Arcana
A relay-native knowledge production environment. Humans and agents transform artifacts as peers on the same event fabric.
Overview
Arcana is where the humans work. It models knowledge production as an
artifact graph — Artifact → Transformation → Artifact — where the
transformations are performed by people and agents as peers on the
same event fabric. Documents, scripts, plans, images, audio: all
first-class nodes with lineage.
There is no application API behind it. Core actions publish signed Nostr events; every screen is a projection derived from relay subscriptions. The frontend's "backend" is whichever relays you point it at.
Architecture
The interesting engineering is in the event vocabulary. Arcana leans on standard NIPs wherever the semantics fit — NIP-23 long-form for text artifacts, NIP-94 file metadata with Blossom for binaries, NIP-22 comments for review threads, NIP-32 labels for stage transitions — and NIP-90 Data Vending Machines for agent tasks, because Arcana agents are DVMs: artifact in, transformed artifact out, job feedback along the way. Custom kinds exist only where no standard fits, and legacy kinds survive as subscribe-only aliases through migrations.

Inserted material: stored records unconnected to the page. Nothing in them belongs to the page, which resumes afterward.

lemma aval_le_col_bound:
  assumes "etyp n e K v" "\<forall>k\<in>K. a k \<in> {0, 1, 2}" "\<forall>r<n. L r j = v r a"
  shows "aval e s \<le> col_bound n L 1 k j s"
  using assms
proof (induction rule: etyp.induct)
  case (ES i n)
  then show ?case using le_col_bound[of i n L j s 1 k] by (simp add: vsingle_def)
next
  case (EM i n i')
  then show ?case using mult_le_col_bound[of i n i' L j s k] by (simp add: vpair_def vsingle_def madd_def)
next
  case (EA_sub i n i' k')
  then have "L i j \<noteq> Zm" "L i j \<noteq> Infm"
    using EA_vec_eval[where a = a and k = k' and i = i and j = i'] by (auto simp: vpair_def vsingle_def madd_def max_def)
  then show ?case using le_col_bound[of i n L j s 1 k] EA_sub(1) by simp
next
  case (EA_plus i n i' k')
  then have "a k' \<in> {0, 1, 2}" by simp
  then have "L i j = (if a k' = 0 then (if i = i' then Pm else Mm) else if a k' = 1 then Pm else Wm)"
    and "L i' j = (if a k' = 0 then Pm else if a k' = 1 then (if i = i' then Pm else Mm) else Wm)"
    using EA_plus EA_vec_eval[where a = a and k = k' and i = i and j = i']
    by (auto simp: vpair_def vsingle_def madd_def max_def)
  then show ?case
    using EA_plus(1,2) add_le_col_bound_m_p[of i n i' L j s k] add_le_col_bound_m_p[of i' n i L j s k]
      add_le_col_bound_wp[of i n i' L j s k]
    by (auto simp: add.commute split: if_splits)
qed

inductive_cases AssignE: "exec (Assign x e) s t"
inductive_cases SeqE: "exec (Seq c1 c2) s u"
inductive_cases IfE: "exec (If b c1 c2) s t"
inductive_cases LoopE: "exec (Loop x c) s t"

lemma exec_While_execn: "exec w s t \<Longrightarrow> w = While b c \<Longrightarrow> \<exists>k. execn c k s t"
proof (induction rule: exec_execn.inducts(1)[where ?P2.0 = "\<lambda>_ _ _ _. True"])
  case (WhileF b s C)
  then show ?case by (blast intro: exec_execn.N0)
next
  case (WhileT b s C t u)
  then show ?case by (blast intro: exec_execn.NSuc)
qed auto

lemma bounded_by_assign:
  assumes "j < n" "etyp n e K v" "\<forall>k\<in>K. a k \<in> {0, 1, 2}"
  shows "bounded_by n (Assign j e) (\<lambda>i j'. col_replace j v i j' a)"
  unfolding bounded_by_def
proof (intro exI[of _ 1] allI impI)
  fix s t j' assume "exec (Assign j e) s t" "j' < n"
  then have t: "t = s(j := aval e s)" by (auto elim: AssignE)
  show "t j' \<le> col_bound n (\<lambda>i j'. col_replace j v i j' a) 1 0 j' s"
  proof (cases "j' = j")
    case True
    then show ?thesis using t aval_le_col_bound[OF assms(2,3)] by (simp add: col_replace_def)
  next
    case False
    have "s j' \<le> col_bound n (\<lambda>i j'. col_replace j v i j' a) 1 0 j' s"
      by (rule le_col_bound) (use \<open>j' < n\<close> False in \<open>auto simp: col_replace_def unit_mat_def\<close>)
    then show ?thesis using False t by simp
  qed
qed

lemma bounded_by_seq:
  assumes "bounded_by n C1 L1" "bounded_by n C2 L2" and fin: "inf_free n (emat_mul n L1 L2)"
  shows "bounded_by n (Seq C1 C2) (emat_mul n L1 L2)"
proof -
  obtain d1 d2 where
    d1: "\<forall>s t. exec C1 s t \<longrightarrow> (\<forall>j<n. t j \<le> col_bound n L1 d1 0 j s)" and
    d2: "\<forall>s t. exec C2 s t \<longrightarrow> (\<forall>j<n. t j \<le> col_bound n L2 d2 0 j s)"
    using assms(1,2) unfolding bounded_by_def by blast
  show ?thesis unfolding bounded_by_def
  proof (intro exI allI impI)
    fix s u j assume "exec (Seq C1 C2) s u" "j < n"
    then obtain t where "exec C1 s t" "exec C2 t u" by (auto elim: SeqE)
    then show "u j \<le> col_bound n (emat_mul n L1 L2) (d1 + 2 * n + d2 * (d1 + 2 * n + 1) + 1) 0 j s"
      using col_bound_seq[OF fin _ _ \<open>j < n\<close>] d1 d2 by blast
  qed
qed

lemma bounded_by_if:
  assumes "bounded_by n C1 L1" "bounded_by n C2 L2" and fin: "inf_free n (\<lambda>i j. max (L1 i j) (L2 i j))"
  shows "bounded_by n (If b C1 C2) (\<lambda>i j. max (L1 i j) (L2 i j))"
proof -
  let ?N = "\<lambda>i j. max (L1 i j) (L2 i j)"
  obtain d1 d2 where
    d1: "\<forall>s t. exec C1 s t \<longrightarrow> (\<forall>j<n. t j \<le> col_bound n ?N d1 0 j s)" and
    d2: "\<forall>s t. exec C2 s t \<longrightarrow> (\<forall>j<n. t j \<le> col_bound n ?N d2 0 j s)"
    using bounded_by_mono[OF assms(1) _ fin] bounded_by_mono[OF assms(2) _ fin]
    unfolding bounded_by_def by fastforce
  show ?thesis unfolding bounded_by_def
  proof (intro exI[of _ "max d1 d2"] allI impI)
    fix s t j assume "exec (If b C1 C2) s t" "j < n"
    then have "t j \<le> col_bound n ?N d1 0 j s \<or> t j \<le> col_bound n ?N d2 0 j s"
      using d1 d2 by (auto elim: IfE)
    then show "t j \<le> col_bound n ?N (max d1 d2) 0 j s"
      using col_bound_mono_degree[of d1 "max d1 d2"] col_bound_mono_degree[of d2 "max d1 d2"]
      by (meson max.cobounded1 max.cobounded2 order_trans)
  qed
qed

lemma loop_mat_eq:
  "loop_mat n l M i j a = max (mat_star n M i j a)
     (max (if i = j \<and> mat_star n M j j a \<noteq> Mm then Infm else Zm)
          (if i = l \<and> p_dependent n (\<lambda>i j. mat_star n M i j a) j then Pm else Zm))"
  by (simp add: loop_mat_def Let_def madd_def p_dependent_def)

lemma while_mat_eq:
  "while_mat n M i j a = max (mat_star n M i j a)
     (max (if i = j \<and> mat_star n M j j a \<noteq> Mm then Infm else Zm)
          (if mat_star n M i j a = Pm then Infm else Zm))"
  by (simp add: while_mat_def Let_def madd_def)

lemma bounded_by_loop:
  assumes l: "l < n" and body: "bounded_by n C (\<lambda>i j. M i j a)"
    and fin: "inf_free n (\<lambda>i j. loop_mat n l M i j a)"
  shows "bounded_by n (Loop l C) (\<lambda>i j. loop_mat n l M i j a)"
proof (rule bounded_by_iterate[where M = M and a = a, OF fin _ _ body])
  let ?S = "\<lambda>i j. mat_star n M i j a"
  note eq = loop_mat_eq[of n l M _ _ a]
  show "?S i j \<le> loop_mat n l M i j a" for i j by (simp add: eq)
  show "?S j j \<noteq> Mm \<Longrightarrow> loop_mat n l M j j a = Infm" for j by (simp add: eq)
  fix s t j assume "exec (Loop l C) s t" "j < n"
  moreover have "s l \<le> sum_p n (\<lambda>i j. loop_mat n l M i j a) 0 j s" if "p_dependent n ?S j"
  proof (rule le_sum_p[OF l])
    have "Pm \<le> loop_mat n l M l j a" using that by (simp add: eq le_max_iff_disj)
    then show "loop_mat n l M l j a = Pm" using fin l \<open>j < n\<close> mwp_ge_Pm unfolding inf_free_def by blast
  qed
  ultimately show "\<exists>k. execn C k s t \<and>
      (p_dependent n ?S j \<longrightarrow> k \<le> sum_p n (\<lambda>i j. loop_mat n l M i j a) 0 j s)"
    by (auto elim: LoopE)
qed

State flows one way: sign, publish, project. Reducers are deterministic and idempotent, persisted in IndexedDB, rebuilt by replay. If the projection is wrong, the fix is in the reducer, never in the data.
Lessons learned
Interoperability is a discipline, not a default. The kind registry went through a real migration — three of the original custom kinds collided with registered NIPs and had to be renumbered — and the lesson stuck: check the registry first, use the standard kind when the semantics genuinely align, and keep the old kinds readable while clients catch up.
Projection-derived UI has a quality I did not expect: the entire application state can be reconstructed by anyone with the relay set and the reducers. Debugging becomes archaeology instead of forensics.
Future work
Richer workflow templates, and closing the loop with Cartographer and Chartroom so generated documentation flows into the same review surfaces as human writing.